Прадедушку своего я не знал, потому что его убили на войне. Прабабушка давно умерла. А бабушка у меня замечательная. Ей шестьдесят лет, она работает на телевышке, моет полы, курит сигареты.
Дедушка мой неизвестен. Ну, во всяком случае, для меня, отец наверняка что-нибудь по этому поводу знает. Но не рассказывает. А бабушка рассказывает только то, что рассказывает. Что дедушка мой был мерзавцем, много пил, и она, глядя на это, вышвырнула его как дристливого котёнка. Ну и, разумеется, он сдох в бичёвском вагончике где-то в районе города Мирного, на алмазных приисках. А может, в Минусинске. Бабушка рассказывала об этом с большим юмором и весёлыми подробностями.
Бабушка у меня ого-го! Берёт шестнадцатикилограммовую гирю и забрасывает её на гараж! Бодрая старушка, с активной жизненной позицией. Коммунистка. Когда из библиотеки выбрасывали сочинения Карла Маркса, она перетащила их к себе домой, я ей помогал. И сочинения Ленина, и сочинения Сталина, и другие, милые её сердцу сочинения.

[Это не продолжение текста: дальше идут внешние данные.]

(* Let $\mathcal Q=(\mathcal G,\mathcal C)$ be a CWS code in standard form with $K=|\mathcal C|\ge2$ and distance $d$. Let $(\mathcal G',\mathcal C')$ be any CWS code in standard form that is LC-equivalent to $\mathcal Q$ (in particular $(\mathcal G',\mathcal C')=(\mathcal G,\mathcal C)$ is allowed), and let $S'_i=X_iZ^{\mathbf r'_i}$ be the graph-stabilizer generators of $\mathcal G'$. Then $d$ is at most the $d$-th largest of the numbers $\mathrm{wgt}(S'_1),\dots,\mathrm{wgt}(S'_n)$ (where $\mathrm{wgt}(S'_i)=1+\deg_{\mathcal G'}(i)$). In other words, $d$ is bounded by the $d$-th largest weight of the $S_i$, minimized over all such graphs $\mathcal G'$ (which range over graphs locally equivalent to $\mathcal G$).
   Context: A Pauli operator on $n$ qubits is, up to a phase, $X^{\mathbf v}Z^{\mathbf u}=X_1^{v_1}\cdots X_n^{v_n}Z_1^{u_1}\cdots Z_n^{u_n}$ with $\mathbf v,\mathbf u\in\{0,1\}^n$; its weight is the number of qubits on which it acts as a non-identity operator. For a subspace $\mathcal Q\subseteq(\mathbb C^2)^{\otimes n}$ with orthonormal basis $\{|i\rangle\}$, a Pauli operator $E$ is detectable if $\langle j|E|i\rangle=C_E\delta_{ij}$ for all $i,j$, with $C_E$ independent of $i,j$; the distance of $\mathcal Q$ is the smallest weight of a non-detectable Pauli operator. Let $\mathcal G$ be a simple graph on vertex set $\{1,\dots,n\}$ with adjacency matrix $R\in\{0,1\}^{n\times n}$ (symmetric, zero diagonal) and rows $\mathbf r_i$. The graph-stabilizer generators are $S_i=X_iZ^{\mathbf r_i}$, $i=1,\dots,n$; they commute, generate an abelian group $\mathscr S_{\mathcal G}$, and stabilize a unique (up to phase) state $|s\rangle$, the graph state. For a binary code $\mathcal C\subseteq\{0,1\}^n$ with $K$ words, the CWS code in standard form is $\mathcal Q=(\mathcal G,\mathcal C)=\operatorname{span}\{Z^{\mathbf c}|s\rangle:\mathbf c\in\mathcal C\}$; it has dimension $K$. Two quantum codes are LC-equivalent if one is mapped onto the other by a qubit permutation followed by a tensor product of single-qubit Clifford unitaries; LC-equivalent codes have equal distance. Two graphs are locally equivalent if one is obtained from the other by a sequence of local complementations (replacing the subgraph induced on the neighbourhood of a vertex by its complement) and graph isomorphisms. *)

theory Defs
  imports Complex_Main
begin
lemma integrable_Y_weight_probe_interaction:
  assumes N: "N \<ge> 0" and b': "b' \<le> 0"
  shows "integrable lborel (\<lambda>(\<tau>, \<xi>).
           (jbr (\<tau> - \<xi> ^ 3) powr b' * jbr \<xi> powr s * norm (fourier2 (probe_interaction N) (\<tau>, \<xi>)))\<^sup>2)"
    (is "integrable lborel ?F")
proof -
  define C where "C = 2 * pi * (1 + N) powr (\<bar>s\<bar> + 1)"
  define w v where "w = gauss_weight 0 (1/2)" and "v = gauss_weight (\<bar>s\<bar> + 1) (1/2)"
  have "integrable lborel (\<lambda>z. C\<^sup>2 * (w (fst z + N\<^sup>2) * v (snd z + - N))\<^sup>2)"
    unfolding w_def v_def
    by (intro integrable_mult_right integrable_square_shifted_product integrable_gauss_weight_square)
      simp_all
  then show ?thesis
  proof (rule Bochner_Integration.integrable_bound)
    have "(\<lambda>(\<tau>, \<xi>). (jbr (\<tau> - \<xi> ^ 3) powr b' * jbr \<xi> powr s
        * (2 * pi * \<bar>\<xi>\<bar> * exp (- (\<tau> + N\<^sup>2)\<^sup>2 / 2) * exp (- (\<xi> - N)\<^sup>2 / 2)))\<^sup>2)
        \<in> borel_measurable (lborel \<Otimes>\<^sub>M lborel)"
      by measurable
    then show "?F \<in> borel_measurable lborel"
      by (simp add: lborel_prod norm_fourier2_probe_interaction)
    have "norm (?F z) \<le> norm (C\<^sup>2 * (w (fst z + N\<^sup>2) * v (snd z + - N))\<^sup>2)" for z
      using power_mono[OF Y_weight_probe_interaction_le[OF N b', of "fst z" "snd z" s], of 2]
      by (cases z) (simp add: C_def w_def v_def power_mult_distrib)
    then show "AE z in lborel. norm (?F z) \<le> norm (C\<^sup>2 * (w (fst z + N\<^sup>2) * v (snd z + - N))\<^sup>2)"
      by simp
  qed
qed

lemma jbr_cubic_le:
  fixes N \<tau> \<xi> :: real
  assumes N: "N \<ge> 2" and "\<bar>\<tau> + N\<^sup>2\<bar> \<le> 1" and "\<bar>\<xi> - N\<bar> \<le> 1"
  shows "jbr (\<tau> - \<xi> ^ 3) \<le> 10 * N ^ 3"
proof -
  have "\<bar>\<tau> - \<xi> ^ 3\<bar> \<le> \<bar>\<tau>\<bar> + \<bar>\<xi>\<bar> ^ 3"
    by (metis abs_triangle_ineq4 power_abs)
  moreover have "\<bar>\<tau>\<bar> \<le> N\<^sup>2 + 1"
    using assms(2) zero_le_power2[of N] by (smt (verit))
  moreover have "\<bar>\<xi>\<bar> ^ 3 \<le> (N + 1) ^ 3"
    using assms(1,3) by (intro power_mono) (auto simp: abs_le_iff)
  moreover have "1 + (N\<^sup>2 + 1) + (N + 1) ^ 3 \<le> 10 * N ^ 3"
  proof -
    have "2 * N\<^sup>2 \<le> N ^ 3" "2 * N \<le> N\<^sup>2"
      using N mult_right_mono[of 2 N "N\<^sup>2"] mult_right_mono[of 2 N N]
      by (simp_all add: power3_eq_cube power2_eq_square ac_simps)
    moreover have "(N + 1) ^ 3 = N ^ 3 + 3 * N\<^sup>2 + 3 * N + 1"
      by (simp add: power3_eq_cube power2_eq_square algebra_simps)
    ultimately show ?thesis
      using N by linarith
  qed
  ultimately show ?thesis
    using jbr_le_1_plus_abs[of "\<tau> - \<xi> ^ 3"] by linarith
qed
definition eviction_candidates :: "'a set \<Rightarrow> ('a \<Rightarrow> bool) \<Rightarrow> 'a set" where
  "eviction_candidates U pred = (if {q \<in> U. pred q} \<noteq> {} then {q \<in> U. pred q} else U)"

lemma set_pmf_mp_step: "set_pmf (mp_step k s rq) \<subseteq> UNIV \<times> {..1}"
  unfolding mp_step_def by (auto split: prod.splits simp: Let_def)

lemma set_pmf_mp_faults: "set_pmf (mp_faults k s rs) \<subseteq> {..length rs}"
proof (induction rs arbitrary: s)
  case (Cons rq rs)
  have "set_pmf (mp_faults k s (rq # rs))
      = (\<Union>x\<in>set_pmf (mp_step k s rq). (+) (snd x) ` set_pmf (mp_faults k (fst x) rs))"
    by (simp add: split_beta)
  also have "\<dots> \<subseteq> {..length (rq # rs)}"
  proof (intro UN_least image_subsetI)
    fix x n assume "x \<in> set_pmf (mp_step k s rq)" "n \<in> set_pmf (mp_faults k (fst x) rs)"
    then have "snd x \<le> 1" "n \<le> length rs"
      using set_pmf_mp_step[of k s rq] Cons.IH[of "fst x"] by (auto simp: mem_Times_iff)
    then show "snd x + n \<in> {..length (rq # rs)}"
      by simp
  qed
  finally show ?case .
qed simp

lemma finite_set_pmf_mp_faults: "finite (set_pmf (mp_faults k s rs))"
  by (rule finite_subset[OF set_pmf_mp_faults]) simp

lemma expected_faults_Nil [simp]: "expected_faults k s [] = 0"
  by (simp add: expected_faults_def)

lemma expected_faults_return:
  assumes "mp_step k s rq = return_pmf (s', f)"
  shows "expected_faults k s (rq # rs) = real f + expected_faults k s' rs"
  using assms
  by (simp add: expected_faults_def bind_return_pmf integrable_measure_pmf_finite finite_set_pmf_mp_faults)

lemma expected_faults_uniform:
  assumes "mp_step k s rq = map_pmf (\<lambda>v. (s' v, 1)) (pmf_of_set V)" "finite V" "V \<noteq> {}"
  shows "expected_faults k s (rq # rs) = 1 + (\<Sum>v\<in>V. expected_faults k (s' v) rs) / real (card V)"
proof -
  have "expected_faults k s (rq # rs)
      = measure_pmf.expectation (pmf_of_set V \<bind> (\<lambda>v. map_pmf (\<lambda>n. 1 + n) (mp_faults k (s' v) rs))) real"
    by (simp add: expected_faults_def assms(1) map_pmf_def bind_assoc_pmf bind_return_pmf)
  also have "\<dots> = (\<Sum>v\<in>V. (1 + expected_faults k (s' v) rs) / real (card V))"
    using assms
    by (simp add: pmf_expectation_bind_pmf_of_set expected_faults_def divide_inverse
        integrable_measure_pmf_finite finite_set_pmf_mp_faults mult.commute)
  also have "\<dots> = 1 + (\<Sum>v\<in>V. expected_faults k (s' v) rs) / real (card V)"
    using assms by (simp add: add_divide_distrib sum.distrib flip: sum_divide_distrib)
  finally show ?thesis .
qed

lemma expected_faults_hit:
  assumes "r \<in> cache"
  shows "expected_faults k (cache, marked, pred) ((r, b) # rs)
       = expected_faults k (cache, insert r marked, pred(r := b)) rs"
  using assms by (simp add: expected_faults_return mp_step_def)

lemma mp_step_miss:
  assumes "r \<notin> cache" "card cache = k" "\<not> cache \<subseteq> marked"
  shows "mp_step k (cache, marked, pred) (r, b) = map_pmf
     (\<lambda>v. ((insert r (cache - {v}), insert r marked, pred(r := b)), 1))
     (pmf_of_set (eviction_candidates (cache - marked) pred))"
  using assms unfolding mp_step_def eviction_candidates_def Let_def by (simp, blast)

lemma expected_faults_miss:
  assumes "r \<notin> cache" "card cache = k" "\<not> cache \<subseteq> marked"
    and "eviction_candidates (cache - marked) pred = V" "finite V" "V \<noteq> {}"
  shows "expected_faults k (cache, marked, pred) ((r, b) # rs)
     = 1 + (\<Sum>v\<in>V. expected_faults k (insert r (cache - {v}), insert r marked, pred(r := b)) rs)
           / real (card V)"
  using assms by (intro expected_faults_uniform) (simp_all add: mp_step_miss)

lemma expected_faults_phase_start:
  assumes "fst (hd rs) \<notin> C" "card C = k" "C \<noteq> {}"
  shows "expected_faults k (C, C, pred) rs = expected_faults k (C, {}, pred) rs"
proof (cases rs)
  case (Cons rq rs')
  then have "mp_step k (C, C, pred) rq = mp_step k (C, {}, pred) rq"
    using assms by (simp add: mp_step_def split_beta, blast)
  then show ?thesis
    by (simp add: Cons expected_faults_def)
qed simp

lemma eviction_candidates_1pages:
  "X \<noteq> {} \<Longrightarrow> \<forall>q\<in>X. pred q \<Longrightarrow> \<forall>q\<in>Q. \<not> pred q \<Longrightarrow> eviction_candidates (Q \<union> X) pred = X"
  unfolding eviction_candidates_def by auto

А поскольку бабушка живёт в маленьком однокомнатном домике, то получилось так, что живёт она в буквальном смысле среди книг. И со стен на неё смотрят суровые классики диалектического материализма.
Бабушка сама суровая. Она же коммунистка, я уже писал. Но в отличие от многих других бабушек она не считает, что в советское время было хорошо. Она считает, что было плохо всегда. А хорошо может быть только потом, в светлом будущем, когда наступит настоящий, стопудовый коммунизм, в который бабушка верит.
И презирает всех неверующих. В смысле в коммунизм не верующих – в Бога бабушка сама не верит.
У неё вообще сложный характер. Она не любит слабаков. И всем говорит в лицо правду. Даже мэру. В прошлом году в больнице отравились девяносто человек, приехали столичные журналисты, и бабушка дала им интервью, хотя никакого отношения к больнице не имела. В интервью она сказала, что наш мэр «толстомордый засранец и коррупционер»… Ну и много ещё чего сказала, за что в наши дни по головке не гладят. Но бабушке ничего не сделали. Потому что в своё время бабушка Приняла Участие. Я это специально большими буквами пишу. Потому что, видимо, на самом деле было большое Участие.
Доподлинно известно, что бабушка в своё время училась в Москве, занималась английским языком и ещё чем-то, а после окончания института куда-то исчезла на двенадцать лет, а потом вернулась в наш городишко и больше никогда из него не выезжала.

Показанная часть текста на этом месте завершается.